I believe that the way Alpha and Beta is calculated in the Basis Abnormal Return tool of your website is incorrect. The formula for Alpha should be as follows: Intercept(stock return of firm. return on index) while the ES with excel file that has been provided to give evidence that the results of your event study methodology tool are correct uses Intercept(return on index, stock return of firm). Same goes for Beta.
Could you please clarify this issue.
I hope to hear from you soon.
Khurram Shahzad, PhD.
How to i calculate the beta and alpha parameters in my market model.
Dear Dr Muller,
I am Vineet, a PhD student and who is referring to your demo work in excel for various event study methodology.
I appreciate the work done here and I find it very helpful.
I am currently referring to your work done on J-Test on the following page:
I tried to replicate the methodology and got different results. I wish to resolve the inconsistencies.

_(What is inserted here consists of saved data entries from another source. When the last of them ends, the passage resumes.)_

(* Let $F\in\mathbb{C}[x_0,\ldots,x_n]_d$ and suppose there is a homogeneous ideal $I\subseteq\operatorname{Ann}(F)\subseteq S$ such that $S/I$ has constant Hilbert polynomial $r\in\mathbb{Z}_{>0}$ and $I_d=\overline{I}_d$. Then $\operatorname{cr}(F)\leq r$.
   Context: $S=\mathbb{C}[\alpha_0,\ldots,\alpha_n]$ acts on $S^*=\mathbb{C}[x_0,\ldots,x_n]$ by partial differentiation; $\operatorname{Ann}(F)=\{\theta\in S:\theta\lrcorner F=0\}$; $\overline{I}$ is the saturation with respect to $(\alpha_0,\ldots,\alpha_n)$. The cactus rank $\operatorname{cr}(F)$ is the least $r$ such that $[F]$ lies in the projective linear span of $\nu_d(R)$ for some zero-dimensional closed subscheme $R\subseteq\mathbb{P}(S^*_1)$ of length $r$, $\nu_d$ the $d$-th Veronese map $[L]\mapsto[L^d]$. *)

theory Defs
  imports Complex_Main "HOL-Library.Poly_Mapping"
begin

text \<open>A monomial is an exponent vector (nat =>0 nat); a polynomial is a finitely supported map
  from monomials to coefficients.  Both S = C[alpha_0..alpha_n] and S* = C[x_0..x_n] are
  modelled as the polynomials whose monomials only involve the variables 0..n.\<close>

type_synonym mpoly = "(nat \<Rightarrow>\<^sub>0 nat) \<Rightarrow>\<^sub>0 complex"

definition mdeg :: "(nat \<Rightarrow>\<^sub>0 nat) \<Rightarrow> nat" where
  "mdeg m = (\<Sum>i\<in>Poly_Mapping.keys m. Poly_Mapping.lookup m i)"

definition in_ring :: "nat \<Rightarrow> mpoly \<Rightarrow> bool" where
  "in_ring n p \<longleftrightarrow> (\<forall>m\<in>Poly_Mapping.keys p. Poly_Mapping.keys m \<subseteq> {..n})"

definition homog :: "nat \<Rightarrow> mpoly \<Rightarrow> bool" where
  "homog k p \<longleftrightarrow> (\<forall>m\<in>Poly_Mapping.keys p. mdeg m = k)"

definition hcomp :: "nat \<Rightarrow> mpoly \<Rightarrow> mpoly" where
  "hcomp k p = (\<Sum>m\<in>{m\<in>Poly_Mapping.keys p. mdeg m = k}. Poly_Mapping.single m (Poly_Mapping.lookup p m))"

text \<open>Action of S on S* by partial differentiation:
  alpha^a applied to x^b is  prod_i b_i!/(b_i-a_i)!  x^(b-a)  if a \<le> b pointwise, else 0.\<close>
definition mono_contract :: "(nat \<Rightarrow>\<^sub>0 nat) \<Rightarrow> (nat \<Rightarrow>\<^sub>0 nat) \<Rightarrow> mpoly" where
  "mono_contract a b =
     (if (\<forall>i. Poly_Mapping.lookup a i \<le> Poly_Mapping.lookup b i)
      then Poly_Mapping.single (b - a)
             (\<Prod>i\<in>Poly_Mapping.keys b. of_nat (fact (Poly_Mapping.lookup b i)) / of_nat (fact (Poly_Mapping.lookup b i - Poly_Mapping.lookup a i)))
      else 0)"
(* Assume the Rainbow Conjecture (RC) stated in the context holds. Then for all positive integers $n, r$, every digraph on $n$ vertices with no loops and no parallel edges and with minimum out-degree at least $r$ contains a directed cycle of length at most $\lceil n/r \rceil$.
   Context: All digraphs are finite. Rainbow setting: let $G$ be a finite digraph on vertex set $V$ with no loops and no parallel edges (digons allowed), let $k \geq 1$ and $E_1,\dots,E_k \subseteq E(G)$. Each edge $e$ gets the label set $S_e=\{i : e \in E_i\}$, and $G_i=(V,E_i)$. A directed path or directed cycle $P$ in $G$ is rainbow if there is an injective map $\ell: E(P)\to\{1,\dots,k\}$ with $\ell(e)\in S_e$ for every $e \in E(P)$. The Rainbow Conjecture (RC) asserts: for every such $G$, $k$ and $E_1,\dots,E_k$, either $G$ contains a rainbow directed cycle, or there is a vertex $v$ such that the number of vertices $w \neq v$ for which there is a rainbow directed path from $v$ to $w$ is at least $\sum_{i=1}^k \delta^+_{G_i}(v)$, where $\delta^+_{G_i}(v)$ is the out-degree of $v$ in $G_i$. *)

theory Defs
  imports Complex_Main
begin

(* Edges are ordered pairs, so there are no parallel edges; looplessness
   is an explicit hypothesis; digons (u,v),(v,u) are allowed. *)

definition digraph :: "'a set \<Rightarrow> ('a \<times> 'a) set \<Rightarrow> bool" where
  "digraph V E \<longleftrightarrow> finite V \<and> E \<subseteq> V \<times> V \<and> (\<forall>v. (v, v) \<notin> E)"

definition dpath :: "('a \<times> 'a) set \<Rightarrow> 'a list \<Rightarrow> bool" where
  "dpath E xs \<longleftrightarrow> xs \<noteq> [] \<and> distinct xs \<and>
     (\<forall>i. Suc i < length xs \<longrightarrow> (xs ! i, xs ! Suc i) \<in> E)"

definition path_edges :: "'a list \<Rightarrow> ('a \<times> 'a) set" where
  "path_edges xs = set (zip xs (tl xs))"

(* directed cycle given by its (distinct) vertex sequence; length = number of vertices = number of edges *)
definition dcycle :: "('a \<times> 'a) set \<Rightarrow> 'a list \<Rightarrow> bool" where
  "dcycle E xs \<longleftrightarrow> length xs \<ge> 2 \<and> dpath E xs \<and> (last xs, hd xs) \<in> E"

definition cycle_edges :: "'a list \<Rightarrow> ('a \<times> 'a) set" where
  "cycle_edges xs = set (zip xs (tl xs @ [hd xs]))"

definition rainbow :: "nat \<Rightarrow> (nat \<Rightarrow> ('a \<times> 'a) set) \<Rightarrow> ('a \<times> 'a) set \<Rightarrow> bool" where
  "rainbow k Es F \<longleftrightarrow>
     (\<exists>l. inj_on l F \<and> (\<forall>e\<in>F. l e \<in> {1..k} \<and> e \<in> Es (l e)))"

definition outdeg :: "('a \<times> 'a) set \<Rightarrow> 'a \<Rightarrow> nat" where
  "outdeg E v = card {w. (v, w) \<in> E}"

definition rainbow_conjecture :: "'a itself \<Rightarrow> bool" where
  "rainbow_conjecture (_ :: 'a itself) \<longleftrightarrow>
     (\<forall>(V :: 'a set) E k Es.
        digraph V E \<and> V \<noteq> {} \<and> k \<ge> 1 \<and> (\<forall>i\<in>{1..k}. Es i \<subseteq> E) \<longrightarrow>
        (\<exists>xs. dcycle E xs \<and> rainbow k Es (cycle_edges xs)) \<or>
        (\<exists>v\<in>V. card {w. w \<noteq> v \<and>
                    (\<exists>xs. dpath E xs \<and> hd xs = v \<and> last xs = w \<and> rainbow k Es (path_edges xs))}
                 \<ge> (\<Sum>i=1..k. outdeg (Es i) v)))"

end

theory Submission
  imports Defs
begin

text \<open>Apply RC with \<open>k = \<lceil>n/r\<rceil>\<close> colour classes, each equal to the whole edge set.
  A rainbow cycle has at most \<open>k\<close> edges, hence length at most \<open>\<lceil>n/r\<rceil>\<close>. Otherwise some
  vertex \<open>v\<close> reaches at least \<open>k \<cdot> outdeg v \<ge> k r \<ge> n\<close> other vertices, which is
  impossible in a digraph with \<open>n\<close> vertices.\<close>

lemma card_le_if_rainbow:
  assumes "rainbow k Es F"
  shows "card F \<le> k"
proof -
  obtain l where "inj_on l F" and "l ` F \<subseteq> {1..k}"
    using assms unfolding rainbow_def by blast
  then have "card F \<le> card {1..k}"
    by (intro card_inj_on_le) auto
  then show ?thesis by simp
qed

lemma card_cycle_edges:
  assumes "distinct xs" "xs \<noteq> []"
  shows "card (cycle_edges xs) = length xs"
proof -
  have "distinct (zip xs (tl xs @ [hd xs]))"
    using assms(1) by (rule distinct_zipI1)
  then have "card (cycle_edges xs) = length (zip xs (tl xs @ [hd xs]))"
    unfolding cycle_edges_def by (rule distinct_card)
  also have "\<dots> = length xs"
    using assms(2) by (cases xs) auto
  finally show ?thesis .
qed

lemma dcycle_length_le_if_rainbow:
  assumes "dcycle E xs" "rainbow k Es (cycle_edges xs)"
  shows "length xs \<le> k"
proof -
  have "distinct xs" "xs \<noteq> []"
    using assms(1) unfolding dcycle_def dpath_def by auto
  then show ?thesis
    using card_le_if_rainbow[OF assms(2)] by (simp add: card_cycle_edges)
qed

lemma dpath_last_in_vertices:
  assumes "digraph V E" "dpath E xs" "last xs \<noteq> hd xs"
  shows "last xs \<in> V"
proof -
  have "xs \<noteq> []"
    using assms(2) unfolding dpath_def by simp
  then have "2 \<le> length xs"
    using assms(3) by (cases xs) (auto simp: Suc_le_eq)
  then have "Suc (length xs - 2) < length xs" and "xs ! Suc (length xs - 2) = last xs"
    using \<open>xs \<noteq> []\<close> by (simp_all add: last_conv_nth Suc_diff_Suc numeral_2_eq_2)
  then have "(xs ! (length xs - 2), last xs) \<in> E"
    using assms(2) unfolding dpath_def by metis
  then show ?thesis
    using assms(1) unfolding digraph_def by auto
qed

lemma card_dpath_targets_le:
  assumes "digraph V E" "v \<in> V"
  shows "card {w. w \<noteq> v \<and> (\<exists>xs. dpath E xs \<and> hd xs = v \<and> last xs = w \<and> P xs)} \<le> card V - 1"
proof -
  have "{w. w \<noteq> v \<and> (\<exists>xs. dpath E xs \<and> hd xs = v \<and> last xs = w \<and> P xs)} \<subseteq> V - {v}"
    using dpath_last_in_vertices[OF assms(1)] by blast
  moreover have "finite V"
    using assms(1) unfolding digraph_def by simp
  ultimately show ?thesis
    using assms(2) card_mono[of "V - {v}"] by fastforce
qed

lemma rainbow_conjecture_uniform_colouring:
  assumes "rainbow_conjecture TYPE('a)" "digraph (V :: 'a set) E" "V \<noteq> {}" "k \<ge> 1"
  obtains xs where "dcycle E xs" "length xs \<le> k"
  | v where "v \<in> V" "k * outdeg E v \<le> card {w. w \<noteq> v \<and>
      (\<exists>xs. dpath E xs \<and> hd xs = v \<and> last xs = w \<and> rainbow k (\<lambda>_. E) (path_edges xs))}"
proof -
  have "\<forall>i\<in>{1..k}. (\<lambda>_. E) i \<subseteq> E"
    by simp
  then have "(\<exists>xs. dcycle E xs \<and> rainbow k (\<lambda>_. E) (cycle_edges xs)) \<or>
        (\<exists>v\<in>V. (\<Sum>i=1..k. outdeg E v) \<le> card {w. w \<noteq> v \<and>
           (\<exists>xs. dpath E xs \<and> hd xs = v \<and> last xs = w \<and> rainbow k (\<lambda>_. E) (path_edges xs))})"
    using assms unfolding rainbow_conjecture_def
    by (elim allE[where x = V] allE[where x = E] allE[where x = k] allE[where x = "\<lambda>_. E"]) simp
  then show ?thesis
  proof
    assume "\<exists>xs. dcycle E xs \<and> rainbow k (\<lambda>_. E) (cycle_edges xs)"
    then show ?thesis
      using that(1) dcycle_length_le_if_rainbow by blast
  next
    assume "\<exists>v\<in>V. (\<Sum>i=1..k. outdeg E v) \<le> card {w. w \<noteq> v \<and>
      (\<exists>xs. dpath E xs \<and> hd xs = v \<and> last xs = w \<and> rainbow k (\<lambda>_. E) (path_edges xs))}"
    then show ?thesis
      using that(2) by auto
  qed
qed

lemma le_nat_ceiling_div_mult:
  assumes "r > 0"
  shows "n \<le> nat \<lceil>real n / real r\<rceil> * r"
proof -
  have "real r > 0"
    using assms by simp
  then have "real n \<le> real_of_int \<lceil>real n / real r\<rceil> * real r"
    by (metis pos_divide_le_eq le_of_int_ceiling)
  then have "real n \<le> real (nat \<lceil>real n / real r\<rceil>) * real r"
    by simp
  then show ?thesis
    by (metis of_nat_le_iff of_nat_mult)
qed

theorem mainTheorem2:
  assumes RC: "rainbow_conjecture TYPE('a)"
  shows "\<forall>(n::nat) (r::nat) (V :: 'a set) E.
           n \<ge> 1 \<and> r \<ge> 1 \<and> digraph V E \<and> card V = n \<and> (\<forall>v\<in>V. outdeg E v \<ge> r) \<longrightarrow>
           (\<exists>xs. dcycle E xs \<and> int (length xs) \<le> \<lceil>real n / real r\<rceil>)"
proof (intro allI impI, elim conjE)
  fix n r :: nat and V :: "'a set" and E
  assume "n \<ge> 1" "r \<ge> 1" and G: "digraph V E" and "card V = n"
    and deg: "\<forall>v\<in>V. outdeg E v \<ge> r"
  define k where "k = nat \<lceil>real n / real r\<rceil>"
  have "n \<le> k * r"
    unfolding k_def using \<open>r \<ge> 1\<close> by (simp add: le_nat_ceiling_div_mult)
  then have "k \<ge> 1"
    using \<open>n \<ge> 1\<close> by (cases "k = 0") auto
  have "V \<noteq> {}"
    using \<open>n \<ge> 1\<close> \<open>card V = n\<close> by auto
  show "\<exists>xs. dcycle E xs \<and> int (length xs) \<le> \<lceil>real n / real r\<rceil>"
  proof (rule rainbow_conjecture_uniform_colouring[OF RC G \<open>V \<noteq> {}\<close> \<open>k \<ge> 1\<close>])
    fix xs
    assume "dcycle E xs" "length xs \<le> k"
    moreover have "int k = \<lceil>real n / real r\<rceil>"
      unfolding k_def by (simp add: order.strict_trans2[OF _ divide_nonneg_nonneg])
    ultimately show ?thesis
      by (metis of_nat_le_iff)
  next
    fix v
    assume "v \<in> V" and targets: "k * outdeg E v \<le> card {w. w \<noteq> v \<and>
      (\<exists>xs. dpath E xs \<and> hd xs = v \<and> last xs = w \<and> rainbow k (\<lambda>_. E) (path_edges xs))}"
    have "n \<le> k * outdeg E v"
      using \<open>n \<le> k * r\<close> deg \<open>v \<in> V\<close> by (meson le_trans mult_le_mono2)
    also have "\<dots> \<le> n - 1"
      using targets card_dpath_targets_le[OF G \<open>v \<in> V\<close>] \<open>card V = n\<close> by (meson le_trans)
    finally show ?thesis using \<open>n \<ge> 1\<close> by simp
  qed
qed

end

Calculation of average correlation is certainly one problematic area. The paper says to use Residuals in estimation period to calculate that. However, your work is using Standardized Residuals in estimation period. Probably, I am misinterpreting the paper. Please verify.
Also, would it be possible for you to extend your work to demonstrate t-test for SCARs as well. That is where I think the analysis gets very tricky. And I am struggling a lot.
Thank you very much for your help,
I am trying to conduct event studies for a large sample and I am using your website tools in order to get my abnormal returns, t-tests.
Your template shows estimation window length as:
-2 ; 2 ; -11 ; 120
However, my teacher told me to examine a larger estimation window, of 240 days, with 40 days prior to the event date. How should I put the data in excel in order to extend the window?